Già all’inizio di quest’anno, discutevamo animatamente su quanto fosse paradossale l’annuncio del Ministro dell’Interno Minniti di voler costruire un CIE in ogni regione. E di quanto tutto questo riportasse tristemente la memoria indietro ai proclami di Maroni. Eppure, trascorsi alcuni mesi, ecco che i propositi del ministro Minniti cominciano a concretizzarsi, a seguito anche della conversione in legge del Decreto Minniti-Orlando n.13/2017 avvenuta lo scorso 12 aprile. Il Viminale ha, infatti, annunciato la costruzione di undici nuovi centri permanenti per i rimpatri (ammantati di un nuovo nome “CPR”, ma di fatto risorti, nella maggior parte dei casi, sulle ceneri dei vecchi CIE, alcuni chiusi da tempo) per far fronte alla cosiddetta “emergenza migranti”. L’elenco è stato comunicato lunedì 8 maggio alle Regioni dal ministero dell’Interno. E la lista, pubblicata successivamente dal Corriere della Sera: in Lombardia si utilizzerà la Caserma di Montichiari, in Friuli Venezia Giulia il centro di Gradisca d’Isonzo, in Piemonte il vecchio Cie, nel Lazio il centro di Ponte Galeria, a Roma, in Campania la Caserma Andolfato di Santa Maria Capua Vetere, in Basilicata Palazzo San Gervaso, in Sardegna il carcere dismesso di Iglesias, in Sicilia il Cie di Caltanissetta, in Emilia Romagna il Cie di Modena, in Puglia il Cie di Bari Paese, in Calabria la struttura di Mormanno. In tutto si tratta di 1.100 posti, destinati ad aumentare. Anche Veneto, Liguria e Toscana dovranno, poi individuare un luogo in cui sistemare almeno cento persone per regione.
Ovviamente questo annuncio segue un reiterato balletto di cifre e percentuali sui futuri sbarchi (o “invasioni”, a detta della stampa), che anch’esso si ripete ciclicamente prima di ogni estate. Secondo i dati dell’Unchr, infatti, solo nell’ultimo fine settimana sono 6mila gli arrivi per un totale di 43mila migranti arrivati in Italia da inizio anno, oltre 10mila in più del 2016. Aumentano, tuttavia, anche i morti nel Mediterraneo (a dispetto di quanto sostenuto nell’aspra polemica che vede coinvolte le ONG): sempre secondo i dati dell’agenzia Onu sono oltre 1.300 i morti dall’inizio dell’anno, 250 solo nell’ultimo fine settimana. La media dei morti in mare quindi sarebbe di oltre dieci al giorno. Cifre da brivido che dovrebbero far riflettere ben oltre le polemiche di questi ultimi giorni.

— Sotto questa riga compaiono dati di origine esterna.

lemma sq_norm_star_test_vec:
  assumes abc: "c < n" "a < n" "b < n" "c \<noteq> a" "c \<noteq> b" "a \<noteq> b"
    and unit: "cmod (H $$ (c, a)) = 1" "cmod (H $$ (c, b)) = 1" and s: "s \<in> {-1, 1}"
  shows "sq_norm_cvec (star_test_vec n H c a b s) = 4"
proof -
  have "sq_norm_cvec (star_test_vec n H c a b s) = (\<Sum>i\<in>{c, a, b}. (cmod (star_test_vec n H c a b s $ i))\<^sup>2)"
    using abc by (intro sq_norm_cvec_supported[OF star_test_vec_carrier _ star_test_vec_outside]) auto
  also have "\<dots> = 4"
    using abc unit s by (auto simp: star_test_vec_index[OF abc] norm_mult)
  finally show ?thesis .
qed

lemma quadratic_form_star_test_vec:
  assumes H: "H \<in> carrier_mat n n" "hermitian_mat H"
    and abc: "c < n" "a < n" "b < n" "c \<noteq> a" "c \<noteq> b" "a \<noteq> b"
    and diag: "H $$ (c, c) = 0" "H $$ (a, a) = 0" "H $$ (b, b) = 0"
    and unit: "cmod (H $$ (c, a)) = 1" "cmod (H $$ (c, b)) = 1" and s: "s \<in> {-1, 1}"
  defines "x \<equiv> star_test_vec n H c a b s"
  shows "(H *\<^sub>v x) \<bullet>c x
    = complex_of_real (4 * s * sqrt 2 + 2 * Re (H $$ (a, b) * H $$ (c, a) * cnj (H $$ (c, b))))"
proof -
  define h1 where "h1 = H $$ (c, a)"
  define h2 where "h2 = H $$ (c, b)"
  define g where "g = H $$ (a, b)"
  have h: "h1 * cnj h1 = 1" "h2 * cnj h2 = 1"
    using unit unfolding h1_def h2_def by (simp_all flip: complex_norm_square)
  have ss: "complex_of_real s * complex_of_real s = 1"
    using s by auto
  note H_cnj = hermitian_matD[OF H(2,1)]
  have "(H *\<^sub>v x) \<bullet>c x = (\<Sum>i\<in>{c, a, b}. \<Sum>j\<in>{c, a, b}. H $$ (i, j) * x $ j * cnj (x $ i))"
    unfolding x_def using abc
    by (intro cscalar_prod_mult_mat_vec_supported[OF H(1) star_test_vec_carrier _ star_test_vec_outside])
      auto
  also have "\<dots> = complex_of_real s * complex_of_real (sqrt 2) * (2 * (h1 * cnj h1) + 2 * (h2 * cnj h2))
      + complex_of_real s * complex_of_real s * (g * h1 * cnj h2 + cnj (g * h1 * cnj h2))"
    using abc
    by (simp add: x_def star_test_vec_index[OF abc] diag H_cnj[of a c] H_cnj[of b c] H_cnj[of b a]
        algebra_simps flip: h1_def h2_def g_def)
  also have "\<dots> = complex_of_real (4 * s * sqrt 2 + 2 * Re (g * h1 * cnj h2))"
    unfolding h ss complex_add_cnj by simp
  finally show ?thesis
    unfolding g_def h1_def h2_def .
qed

lemma cmod_herm_adj_edge:
  "i < n \<Longrightarrow> j < n \<Longrightarrow> (i, j) \<in> underlying_edges A \<Longrightarrow> cmod (herm_adj n A $$ (i, j)) = 1"
  by (auto simp: herm_adj_index underlying_edges_def)

lemma herm_adj_diag: "digraph n A \<Longrightarrow> i < n \<Longrightarrow> herm_adj n A $$ (i, i) = 0"
  by (auto simp: herm_adj_index digraph_def)

lemma herm_adj_star_witness:
  assumes dg: "digraph n A" and ca: "(c, a) \<in> underlying_edges A"
    and cb: "(c, b) \<in> underlying_edges A" and ab: "a \<noteq> b"
  obtains x where "x \<in> carrier_vec n" "0 < sq_norm_cvec x"
    "sqrt 2 * sq_norm_cvec x \<le> cmod ((herm_adj n A *\<^sub>v x) \<bullet>c x)"
proof -
  let ?H = "herm_adj n A"
  have abc: "c < n" "a < n" "b < n" "c \<noteq> a" "c \<noteq> b" "a \<noteq> b"
    using underlying_edge_in_range[OF dg ca] underlying_edge_in_range[OF dg cb] ab by auto
  have unit: "cmod (?H $$ (c, a)) = 1" "cmod (?H $$ (c, b)) = 1"
    using abc ca cb by (simp_all add: cmod_herm_adj_edge)
  define t where "t = Re (?H $$ (a, b) * ?H $$ (c, a) * cnj (?H $$ (c, b)))"
  define s :: real where "s = (if 0 \<le> t then 1 else - 1)"
  have s: "s \<in> {-1, 1}" "s * s = 1" "\<bar>s\<bar> = 1" "0 \<le> s * t"
    unfolding s_def by auto
  define x where "x = star_test_vec n ?H c a b s"
  have norm: "sq_norm_cvec x = 4"
    unfolding x_def by (rule sq_norm_star_test_vec[OF abc unit s(1)])
  have quad: "(?H *\<^sub>v x) \<bullet>c x = complex_of_real (4 * s * sqrt 2 + 2 * t)"
    unfolding x_def t_def using abc
    by (intro quadratic_form_star_test_vec[OF herm_adj_carrier hermitian_herm_adj abc _ _ _ unit s(1)])
      (simp_all add: herm_adj_diag[OF dg])
  have "sqrt 2 * sq_norm_cvec x = s * (4 * s * sqrt 2 + 2 * t) - 2 * (s * t)"
    using norm s(2) by (simp add: algebra_simps)
  also have "\<dots> \<le> \<bar>4 * s * sqrt 2 + 2 * t\<bar>"
    using s(3,4) abs_ge_self[of "s * (4 * s * sqrt 2 + 2 * t)"] by (simp add: abs_mult)
  also have "\<dots> = cmod ((?H *\<^sub>v x) \<bullet>c x)"
    by (simp only: quad norm_of_real)
  finally show ?thesis
    using that[OF star_test_vec_carrier[of n ?H c a b s, folded x_def]] norm by simp
qed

E i dati dell’UNCHR coinciderebbero con quelli del ministero degli Interni. L’Italia ha registrato 43.245 arrivi via mare nel 2017, con un aumento del 38,54% rispetto allo scorso anno, segnando il record assoluto per il nostro Paese. E intanto, a tale proposito, proseguono i lavori della commissione Difesa del Senato, che sta studiando le nuove regole per i soccorsi in mare. L’orientamento – scrive il Corriere della Sera – “è quello di ‘suggerire’ la fissazione di almeno due nuove regole per evitare ‘sospetti’ contro le Ong”. La prima dovrebbe prevedere l’affidamento di tutte le operazioni di soccorso alla Guardia Costiera; la seconda riguarderebbe la registrazione di tutti gli equipaggi delle Ong per evitare che possano esserci “collusioni con gli scafisti”.
Si attende dunque l’estate per la “ri-apertura” di nuovi aberranti luoghi di detenzione che sulla base dell’esperienza passata si sono dimostrate strutture costose, nelle quali molto spesso i migranti sono stati sottoposti a trattamenti inumani e degradanti. Una scelta, questa del Governo, in netta controtendenza a quanto chiesto da numerose associazioni che, da anni, invece, ne vorrebbero la totale chiusura.
Si prospetta un periodo preoccupante e che richiederà un attento monitoraggio della società civile del pieno rispetto dei diritti di ogni persona che in questi CPR verrà reclusa.